[Data entries]
(* Let $(\mathbb{B},\|\cdot\|)$ be a real normed space of finite dimension $\dim(\mathbb{B})$. Let $X_1,\dots,X_n$ be independent $\mathbb{B}$-valued random vectors with $\mathbb{E}X_i=0$ and $\mathbb{E}\|X_i\|^2<\infty$, and $S_n:=\sum_{i=1}^nX_i$. Then $$\mathbb{E}\|S_n\|^2\le \dim(\mathbb{B})\sum_{i=1}^n\mathbb{E}\|X_i\|^2 .$$ *)

theory Defs
  imports "HOL-Probability.Probability"
begin

text \<open>A (real) norm on a real vector space, given explicitly as a function,
  since the norm of the normed space in the paper is arbitrary, whereas the
  built-in norm of a euclidean_space type is the Euclidean one.\<close>
definition is_norm :: "('a::real_vector \<Rightarrow> real) \<Rightarrow> bool" where
  "is_norm N \<longleftrightarrow>
     (\<forall>x. N x = 0 \<longleftrightarrow> x = 0) \<and>
     (\<forall>x y. N (x + y) \<le> N x + N y) \<and>
     (\<forall>c x. N (c *\<^sub>R x) = \<bar>c\<bar> * N x)"

end

theory Submission
  imports Defs "Jordan_Normal_Form.Determinant"
begin

(* Write d = DIM('a).  The inequality is exact (with constant 1) for the
   Euclidean norm: for independent centred vectors the cross terms of E |S|^2 vanish
   coordinatewise, so E |S|^2 = sum_i E |X_i|^2 (Pythagoras in L^2).  An arbitrary norm N
   is then compared with a Euclidean one by John's theorem: there is a linear A with
   N x <= |A x| <= sqrt d * N x, whence E N(S)^2 <= E |A S|^2 = sum_i E |A X_i|^2
   <= d * sum_i E N(X_i)^2.
   The file is organised accordingly:
   (1) elementary facts on an abstract norm N (equivalence with the Euclidean norm);
   (2) the Pythagoras identity for independent centred vectors and the reduction of the
       theorem to a Euclidean comparison map A;
   (3) determinants of linear endomorphisms of a euclidean_space, via an enumeration of
       its basis and Jordan_Normal_Form matrices;
   (4) John's theorem in the form needed: among the linear maps f with N (f x) <= |x|
       one of maximal determinant exists, and maximality forces |y| <= sqrt d * N (f y),
       since otherwise a reflected stretch of f would have larger determinant;
   (5) the corollary. *)

subsection \<open>Abstract norms on a euclidean space\<close>

lemma is_normD:
  assumes "is_norm N"
  shows "N 0 = 0" "\<And>x. N x = 0 \<longleftrightarrow> x = 0" "\<And>x y. N (x + y) \<le> N x + N y"
    "\<And>c x. N (c *\<^sub>R x) = \<bar>c\<bar> * N x" "\<And>x. N (- x) = N x" "\<And>x. N x \<ge> 0"
proof -
  show hom: "\<And>c x. N (c *\<^sub>R x) = \<bar>c\<bar> * N x" using assms unfolding is_norm_def by blast
  show "\<And>x. N x = 0 \<longleftrightarrow> x = 0" using assms unfolding is_norm_def by blast
  then show "N 0 = 0" by blast
  show tri: "\<And>x y. N (x + y) \<le> N x + N y" using assms unfolding is_norm_def by blast
  show minus: "\<And>x. N (- x) = N x" using hom[of "-1"] by simp
  fix x
  have "N (x + - x) \<le> N x + N (-x)" by (rule tri)
  then show "N x \<ge> 0" using minus[of x] \<open>N 0 = 0\<close> by simp
qed

lemma is_norm_sum_le:
  assumes "is_norm N" "finite S"
  shows "N (\<Sum>i\<in>S. f i) \<le> (\<Sum>i\<in>S. N (f i))"
  using assms(2)
proof (induction S rule: finite_induct)
  case empty then show ?case using is_normD(1)[OF assms(1)] by simp
next
  case (insert x F)
  then show ?case using is_normD(3)[OF assms(1), of "f x" "sum f F"] by simp
qed

lemma is_norm_le_euclidean:
  fixes N :: "'a::euclidean_space \<Rightarrow> real"
  assumes "is_norm N"
  shows "N x \<le> (\<Sum>b\<in>Basis. N b) * norm x"
proof -
  have "N x = N (\<Sum>b\<in>Basis. (x \<bullet> b) *\<^sub>R b)" by (simp add: euclidean_representation)
  also have "\<dots> \<le> (\<Sum>b\<in>Basis. N ((x \<bullet> b) *\<^sub>R b))" by (rule is_norm_sum_le[OF assms]) simp
  also have "\<dots> = (\<Sum>b\<in>Basis. \<bar>x \<bullet> b\<bar> * N b)" using is_normD(4)[OF assms] by simp
  also have "\<dots> \<le> (\<Sum>b\<in>Basis. norm x * N b)"
    by (intro sum_mono mult_right_mono) (auto simp: Basis_le_norm is_normD(6)[OF assms])
  finally show ?thesis by (simp add: sum_distrib_left mult.commute)
qed

lemma is_norm_reverse_triangle:
  assumes "is_norm N"
  shows "\<bar>N x - N y\<bar> \<le> N (x - y)"
proof -
  have "N x \<le> N (x - y) + N y" using is_normD(3)[OF assms, of "x - y" y] by simp
  moreover have "N y \<le> N (y - x) + N x" using is_normD(3)[OF assms, of "y - x" x] by simp
  moreover have "N (y - x) = N (x - y)" using is_normD(5)[OF assms, of "x - y"] by simp
  ultimately show ?thesis by linarith
qed

lemma is_norm_continuous:
  fixes N :: "'a::euclidean_space \<Rightarrow> real"
  assumes "is_norm N"
  shows "continuous_on UNIV N"
proof -
  let ?C = "(\<Sum>b\<in>Basis. N b) + 1"
  have C: "?C > 0" using is_normD(6)[OF assms] by (simp add: add_nonneg_pos sum_nonneg)
  have "dist (N x) (N y) \<le> ?C * dist x y" for x y :: 'a
  proof -
    have "dist (N x) (N y) \<le> N (x - y)"
      using is_norm_reverse_triangle[OF assms] by (simp add: dist_real_def)
    also have "\<dots> \<le> (\<Sum>b\<in>Basis. N b) * norm (x - y)" by (rule is_norm_le_euclidean[OF assms])
    also have "\<dots> \<le> ?C * dist x y" by (simp add: dist_norm mult_right_mono)
    finally show ?thesis .
  qed
  then show ?thesis
    by (intro lipschitz_on_continuous_on[OF lipschitz_onI]) (auto simp: C less_imp_le)
qed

## Problem statement:
Would you copy out all of the entries exactly?

## Reply to the exercise:
(* Let $(\mathbb{B},\|\cdot\|)$ be a real normed space of finite dimension $\dim(\mathbb{B})$. Let $X_1,\dots,X_n$ be independent $\mathbb{B}$-valued random vectors with $\mathbb{E}X_i=0$ and $\mathbb{E}\|X_i\|^2<\infty$, and $S_n:=\sum_{i=1}^nX_i$. Then $$\mathbb{E}\|S_n\|^2\le \dim(\mathbb{B})\sum_{i=1}^n\mathbb{E}\|X_i\|^2 .$$ *)

theory Defs
  imports "HOL-Probability.Probability"
begin

text \<open>A (real) norm on a real vector space, given explicitly as a function,
  since the norm of the normed space in the paper is arbitrary, whereas the
  built-in norm of a euclidean_space type is the Euclidean one.\<close>
definition is_norm :: "('a::real_vector \<Rightarrow> real) \<Rightarrow> bool" where
  "is_norm N \<longleftrightarrow>
     (\<forall>x. N x = 0 \<longleftrightarrow> x = 0) \<and>
     (\<forall>x y. N (x + y) \<le> N x + N y) \<and>
     (\<forall>c x. N (c *\<^sub>R x) = \<bar>c\<bar> * N x)"

end

theory Submission
  imports Defs "Jordan_Normal_Form.Determinant"
begin

(* Write d = DIM('a).  The inequality is exact (with constant 1) for the
   Euclidean norm: for independent centred vectors the cross terms of E |S|^2 vanish
   coordinatewise, so E |S|^2 = sum_i E |X_i|^2 (Pythagoras in L^2).  An arbitrary norm N
   is then compared with a Euclidean one by John's theorem: there is a linear A with
   N x <= |A x| <= sqrt d * N x, whence E N(S)^2 <= E |A S|^2 = sum_i E |A X_i|^2
   <= d * sum_i E N(X_i)^2.
   The file is organised accordingly:
   (1) elementary facts on an abstract norm N (equivalence with the Euclidean norm);
   (2) the Pythagoras identity for independent centred vectors and the reduction of the
       theorem to a Euclidean comparison map A;
   (3) determinants of linear endomorphisms of a euclidean_space, via an enumeration of
       its basis and Jordan_Normal_Form matrices;
   (4) John's theorem in the form needed: among the linear maps f with N (f x) <= |x|
       one of maximal determinant exists, and maximality forces |y| <= sqrt d * N (f y),
       since otherwise a reflected stretch of f would have larger determinant;
   (5) the corollary. *)

subsection \<open>Abstract norms on a euclidean space\<close>

lemma is_normD:
  assumes "is_norm N"
  shows "N 0 = 0" "\<And>x. N x = 0 \<longleftrightarrow> x = 0" "\<And>x y. N (x + y) \<le> N x + N y"
    "\<And>c x. N (c *\<^sub>R x) = \<bar>c\<bar> * N x" "\<And>x. N (- x) = N x" "\<And>x. N x \<ge> 0"
proof -
  show hom: "\<And>c x. N (c *\<^sub>R x) = \<bar>c\<bar> * N x" using assms unfolding is_norm_def by blast
  show "\<And>x. N x = 0 \<longleftrightarrow> x = 0" using assms unfolding is_norm_def by blast
  then show "N 0 = 0" by blast
  show tri: "\<And>x y. N (x + y) \<le> N x + N y" using assms unfolding is_norm_def by blast
  show minus: "\<And>x. N (- x) = N x" using hom[of "-1"] by simp
  fix x
  have "N (x + - x) \<le> N x + N (-x)" by (rule tri)
  then show "N x \<ge> 0" using minus[of x] \<open>N 0 = 0\<close> by simp
qed

lemma is_norm_sum_le:
  assumes "is_norm N" "finite S"
  shows "N (\<Sum>i\<in>S. f i) \<le> (\<Sum>i\<in>S. N (f i))"
  using assms(2)
proof (induction S rule: finite_induct)
  case empty then show ?case using is_normD(1)[OF assms(1)] by simp
next
  case (insert x F)
  then show ?case using is_normD(3)[OF assms(1), of "f x" "sum f F"] by simp
qed

lemma is_norm_le_euclidean:
  fixes N :: "'a::euclidean_space \<Rightarrow> real"
  assumes "is_norm N"
  shows "N x \<le> (\<Sum>b\<in>Basis. N b) * norm x"
proof -
  have "N x = N (\<Sum>b\<in>Basis. (x \<bullet> b) *\<^sub>R b)" by (simp add: euclidean_representation)
  also have "\<dots> \<le> (\<Sum>b\<in>Basis. N ((x \<bullet> b) *\<^sub>R b))" by (rule is_norm_sum_le[OF assms]) simp
  also have "\<dots> = (\<Sum>b\<in>Basis. \<bar>x \<bullet> b\<bar> * N b)" using is_normD(4)[OF assms] by simp
  also have "\<dots> \<le> (\<Sum>b\<in>Basis. norm x * N b)"
    by (intro sum_mono mult_right_mono) (auto simp: Basis_le_norm is_normD(6)[OF assms])
  finally show ?thesis by (simp add: sum_distrib_left mult.commute)
qed

lemma is_norm_reverse_triangle:
  assumes "is_norm N"
  shows "\<bar>N x - N y\<bar> \<le> N (x - y)"
proof -
  have "N x \<le> N (x - y) + N y" using is_normD(3)[OF assms, of "x - y" y] by simp
  moreover have "N y \<le> N (y - x) + N x" using is_normD(3)[OF assms, of "y - x" x] by simp
  moreover have "N (y - x) = N (x - y)" using is_normD(5)[OF assms, of "x - y"] by simp
  ultimately show ?thesis by linarith
qed

lemma is_norm_continuous:
  fixes N :: "'a::euclidean_space \<Rightarrow> real"
  assumes "is_norm N"
  shows "continuous_on UNIV N"
proof -
  let ?C = "(\<Sum>b\<in>Basis. N b) + 1"
  have C: "?C > 0" using is_normD(6)[OF assms] by (simp add: add_nonneg_pos sum_nonneg)
  have "dist (N x) (N y) \<le> ?C * dist x y" for x y :: 'a
  proof -
    have "dist (N x) (N y) \<le> N (x - y)"
      using is_norm_reverse_triangle[OF assms] by (simp add: dist_real_def)
    also have "\<dots> \<le> (\<Sum>b\<in>Basis. N b) * norm (x - y)" by (rule is_norm_le_euclidean[OF assms])
    also have "\<dots> \<le> ?C * dist x y" by (simp add: dist_norm mult_right_mono)
    finally show ?thesis .
  qed
  then show ?thesis
    by (intro lipschitz_on_continuous_on[OF lipschitz_onI]) (auto simp: C less_imp_le)
qed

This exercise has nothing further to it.